[Items from a data source]

====================

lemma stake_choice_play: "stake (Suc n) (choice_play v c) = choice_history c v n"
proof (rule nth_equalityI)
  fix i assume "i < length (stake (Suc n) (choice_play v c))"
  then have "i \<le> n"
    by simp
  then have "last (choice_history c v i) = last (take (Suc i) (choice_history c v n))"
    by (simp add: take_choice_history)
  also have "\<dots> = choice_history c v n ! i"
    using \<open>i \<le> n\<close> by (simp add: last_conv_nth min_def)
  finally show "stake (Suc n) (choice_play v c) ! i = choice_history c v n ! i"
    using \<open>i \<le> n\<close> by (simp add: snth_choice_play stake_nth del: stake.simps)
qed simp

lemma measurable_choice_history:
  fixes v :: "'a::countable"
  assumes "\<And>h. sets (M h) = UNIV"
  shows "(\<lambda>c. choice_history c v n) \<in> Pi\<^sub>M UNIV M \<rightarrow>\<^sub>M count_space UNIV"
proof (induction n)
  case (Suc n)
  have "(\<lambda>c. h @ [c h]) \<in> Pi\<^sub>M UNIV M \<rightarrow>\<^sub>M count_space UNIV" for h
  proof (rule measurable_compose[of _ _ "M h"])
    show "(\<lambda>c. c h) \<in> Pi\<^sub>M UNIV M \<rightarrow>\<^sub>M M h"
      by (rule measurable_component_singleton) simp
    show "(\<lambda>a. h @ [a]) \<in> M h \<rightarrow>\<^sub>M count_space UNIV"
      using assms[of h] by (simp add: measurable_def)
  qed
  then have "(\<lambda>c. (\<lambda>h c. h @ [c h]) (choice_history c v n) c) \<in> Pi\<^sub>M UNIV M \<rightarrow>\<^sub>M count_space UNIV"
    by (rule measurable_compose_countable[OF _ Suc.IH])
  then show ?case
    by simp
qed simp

====================

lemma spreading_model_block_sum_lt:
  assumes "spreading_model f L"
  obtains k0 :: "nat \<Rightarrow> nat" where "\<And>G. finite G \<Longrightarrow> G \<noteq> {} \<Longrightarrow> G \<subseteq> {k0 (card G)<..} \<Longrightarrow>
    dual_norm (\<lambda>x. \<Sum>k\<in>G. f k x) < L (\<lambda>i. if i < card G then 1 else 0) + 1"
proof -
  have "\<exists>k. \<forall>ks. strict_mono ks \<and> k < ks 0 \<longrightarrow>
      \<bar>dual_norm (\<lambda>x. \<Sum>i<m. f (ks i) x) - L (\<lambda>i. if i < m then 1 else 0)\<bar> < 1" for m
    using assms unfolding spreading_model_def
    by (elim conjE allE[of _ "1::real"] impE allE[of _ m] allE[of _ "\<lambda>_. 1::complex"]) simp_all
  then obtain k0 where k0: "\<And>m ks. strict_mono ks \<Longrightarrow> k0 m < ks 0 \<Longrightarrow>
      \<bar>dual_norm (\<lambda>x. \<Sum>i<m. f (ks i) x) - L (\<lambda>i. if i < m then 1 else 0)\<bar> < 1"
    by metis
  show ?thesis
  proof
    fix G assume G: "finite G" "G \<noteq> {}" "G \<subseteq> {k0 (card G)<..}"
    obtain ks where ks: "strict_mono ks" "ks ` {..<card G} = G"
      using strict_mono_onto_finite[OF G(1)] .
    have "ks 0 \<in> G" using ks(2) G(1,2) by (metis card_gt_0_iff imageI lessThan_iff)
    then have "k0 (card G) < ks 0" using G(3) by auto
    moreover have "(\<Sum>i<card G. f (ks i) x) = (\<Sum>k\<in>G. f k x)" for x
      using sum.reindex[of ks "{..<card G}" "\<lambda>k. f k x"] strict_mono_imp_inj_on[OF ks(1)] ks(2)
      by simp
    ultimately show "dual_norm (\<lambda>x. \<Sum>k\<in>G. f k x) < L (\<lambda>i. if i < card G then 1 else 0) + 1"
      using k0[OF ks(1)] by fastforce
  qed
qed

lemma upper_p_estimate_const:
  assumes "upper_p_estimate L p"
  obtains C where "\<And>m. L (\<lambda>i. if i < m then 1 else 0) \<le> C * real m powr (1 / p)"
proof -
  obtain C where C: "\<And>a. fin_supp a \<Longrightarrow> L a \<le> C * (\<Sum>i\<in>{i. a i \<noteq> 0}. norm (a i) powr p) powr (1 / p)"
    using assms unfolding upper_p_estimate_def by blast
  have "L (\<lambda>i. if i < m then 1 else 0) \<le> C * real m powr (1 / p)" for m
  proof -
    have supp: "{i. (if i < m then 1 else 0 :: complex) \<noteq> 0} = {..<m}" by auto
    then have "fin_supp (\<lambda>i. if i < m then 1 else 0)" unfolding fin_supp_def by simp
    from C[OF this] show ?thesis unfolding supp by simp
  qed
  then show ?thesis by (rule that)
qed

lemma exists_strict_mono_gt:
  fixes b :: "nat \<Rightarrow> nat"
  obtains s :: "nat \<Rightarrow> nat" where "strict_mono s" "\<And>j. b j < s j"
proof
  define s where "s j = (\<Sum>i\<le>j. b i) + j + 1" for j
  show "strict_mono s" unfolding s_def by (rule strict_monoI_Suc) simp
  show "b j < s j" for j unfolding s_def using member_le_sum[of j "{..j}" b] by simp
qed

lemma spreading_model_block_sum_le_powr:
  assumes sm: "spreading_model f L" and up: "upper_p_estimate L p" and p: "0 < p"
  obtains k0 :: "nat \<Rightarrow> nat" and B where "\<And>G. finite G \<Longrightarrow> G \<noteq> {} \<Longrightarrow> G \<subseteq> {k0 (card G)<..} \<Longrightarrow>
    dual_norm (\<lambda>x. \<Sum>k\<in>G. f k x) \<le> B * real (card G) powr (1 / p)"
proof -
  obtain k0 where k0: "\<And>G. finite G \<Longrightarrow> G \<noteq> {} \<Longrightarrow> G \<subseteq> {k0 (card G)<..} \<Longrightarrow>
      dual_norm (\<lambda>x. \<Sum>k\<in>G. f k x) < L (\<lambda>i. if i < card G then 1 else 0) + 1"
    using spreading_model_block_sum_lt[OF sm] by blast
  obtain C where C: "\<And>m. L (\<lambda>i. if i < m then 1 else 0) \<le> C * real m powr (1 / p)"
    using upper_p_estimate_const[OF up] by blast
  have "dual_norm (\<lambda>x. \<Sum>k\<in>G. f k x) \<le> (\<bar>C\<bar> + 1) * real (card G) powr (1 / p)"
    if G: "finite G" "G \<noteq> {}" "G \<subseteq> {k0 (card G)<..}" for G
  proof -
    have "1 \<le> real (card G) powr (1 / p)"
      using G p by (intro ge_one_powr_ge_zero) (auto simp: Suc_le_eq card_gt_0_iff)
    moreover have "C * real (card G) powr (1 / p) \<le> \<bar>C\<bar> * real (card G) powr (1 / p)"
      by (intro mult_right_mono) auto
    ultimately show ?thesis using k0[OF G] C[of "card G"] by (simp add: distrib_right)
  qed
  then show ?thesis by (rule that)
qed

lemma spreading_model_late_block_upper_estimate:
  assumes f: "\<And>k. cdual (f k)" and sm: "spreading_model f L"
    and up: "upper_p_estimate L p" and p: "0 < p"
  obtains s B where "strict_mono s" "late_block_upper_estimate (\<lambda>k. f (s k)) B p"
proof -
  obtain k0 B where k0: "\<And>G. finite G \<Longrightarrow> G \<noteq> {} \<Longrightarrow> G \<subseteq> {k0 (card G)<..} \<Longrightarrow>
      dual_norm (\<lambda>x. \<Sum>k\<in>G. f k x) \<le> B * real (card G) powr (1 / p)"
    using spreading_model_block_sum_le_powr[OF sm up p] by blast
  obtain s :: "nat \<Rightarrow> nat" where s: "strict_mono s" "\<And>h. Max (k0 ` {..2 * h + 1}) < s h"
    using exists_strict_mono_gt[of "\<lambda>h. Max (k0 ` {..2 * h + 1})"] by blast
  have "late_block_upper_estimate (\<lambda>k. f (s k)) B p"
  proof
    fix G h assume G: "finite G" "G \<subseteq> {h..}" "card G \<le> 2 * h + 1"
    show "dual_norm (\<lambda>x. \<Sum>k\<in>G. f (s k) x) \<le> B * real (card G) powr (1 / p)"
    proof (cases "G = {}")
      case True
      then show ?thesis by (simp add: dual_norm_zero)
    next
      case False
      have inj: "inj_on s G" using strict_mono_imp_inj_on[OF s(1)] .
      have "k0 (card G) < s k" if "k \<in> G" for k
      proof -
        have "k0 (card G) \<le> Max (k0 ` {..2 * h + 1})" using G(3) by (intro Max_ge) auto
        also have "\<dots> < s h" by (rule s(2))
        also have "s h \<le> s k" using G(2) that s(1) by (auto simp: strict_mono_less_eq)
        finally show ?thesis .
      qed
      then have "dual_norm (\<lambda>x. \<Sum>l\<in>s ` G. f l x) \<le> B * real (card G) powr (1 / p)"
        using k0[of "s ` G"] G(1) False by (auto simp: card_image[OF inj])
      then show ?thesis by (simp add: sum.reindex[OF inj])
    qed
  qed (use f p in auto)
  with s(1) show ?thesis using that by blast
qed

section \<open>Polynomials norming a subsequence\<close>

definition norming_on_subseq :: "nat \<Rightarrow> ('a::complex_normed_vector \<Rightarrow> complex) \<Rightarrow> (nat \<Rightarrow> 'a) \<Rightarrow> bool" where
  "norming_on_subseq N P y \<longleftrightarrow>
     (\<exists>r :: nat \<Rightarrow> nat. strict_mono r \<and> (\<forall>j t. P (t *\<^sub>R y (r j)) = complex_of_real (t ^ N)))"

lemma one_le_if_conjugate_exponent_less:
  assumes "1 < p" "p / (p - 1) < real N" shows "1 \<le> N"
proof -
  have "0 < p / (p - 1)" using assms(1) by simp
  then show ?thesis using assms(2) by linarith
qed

====================

Please reproduce, exactly as they appear above, the lines from the line containing "c) = choice_history" up to and including the line containing "case (Suc n)".

lemma stake_choice_play: "stake (Suc n) (choice_play v c) = choice_history c v n"
proof (rule nth_equalityI)
  fix i assume "i < length (stake (Suc n) (choice_play v c))"
  then have "i \<le> n"
    by simp
  then have "last (choice_history c v i) = last (take (Suc i) (choice_history c v n))"
    by (simp add: take_choice_history)
  also have "\<dots> = choice_history c v n ! i"
    using \<open>i \<le> n\<close> by (simp add: last_conv_nth min_def)
  finally show "stake (Suc n) (choice_play v c) ! i = choice_history c v n ! i"
    using \<open>i \<le> n\<close> by (simp add: snth_choice_play stake_nth del: stake.simps)
qed simp

lemma measurable_choice_history:
  fixes v :: "'a::countable"
  assumes "\<And>h. sets (M h) = UNIV"
  shows "(\<lambda>c. choice_history c v n) \<in> Pi\<^sub>M UNIV M \<rightarrow>\<^sub>M count_space UNIV"
proof (induction n)
  case (Suc n)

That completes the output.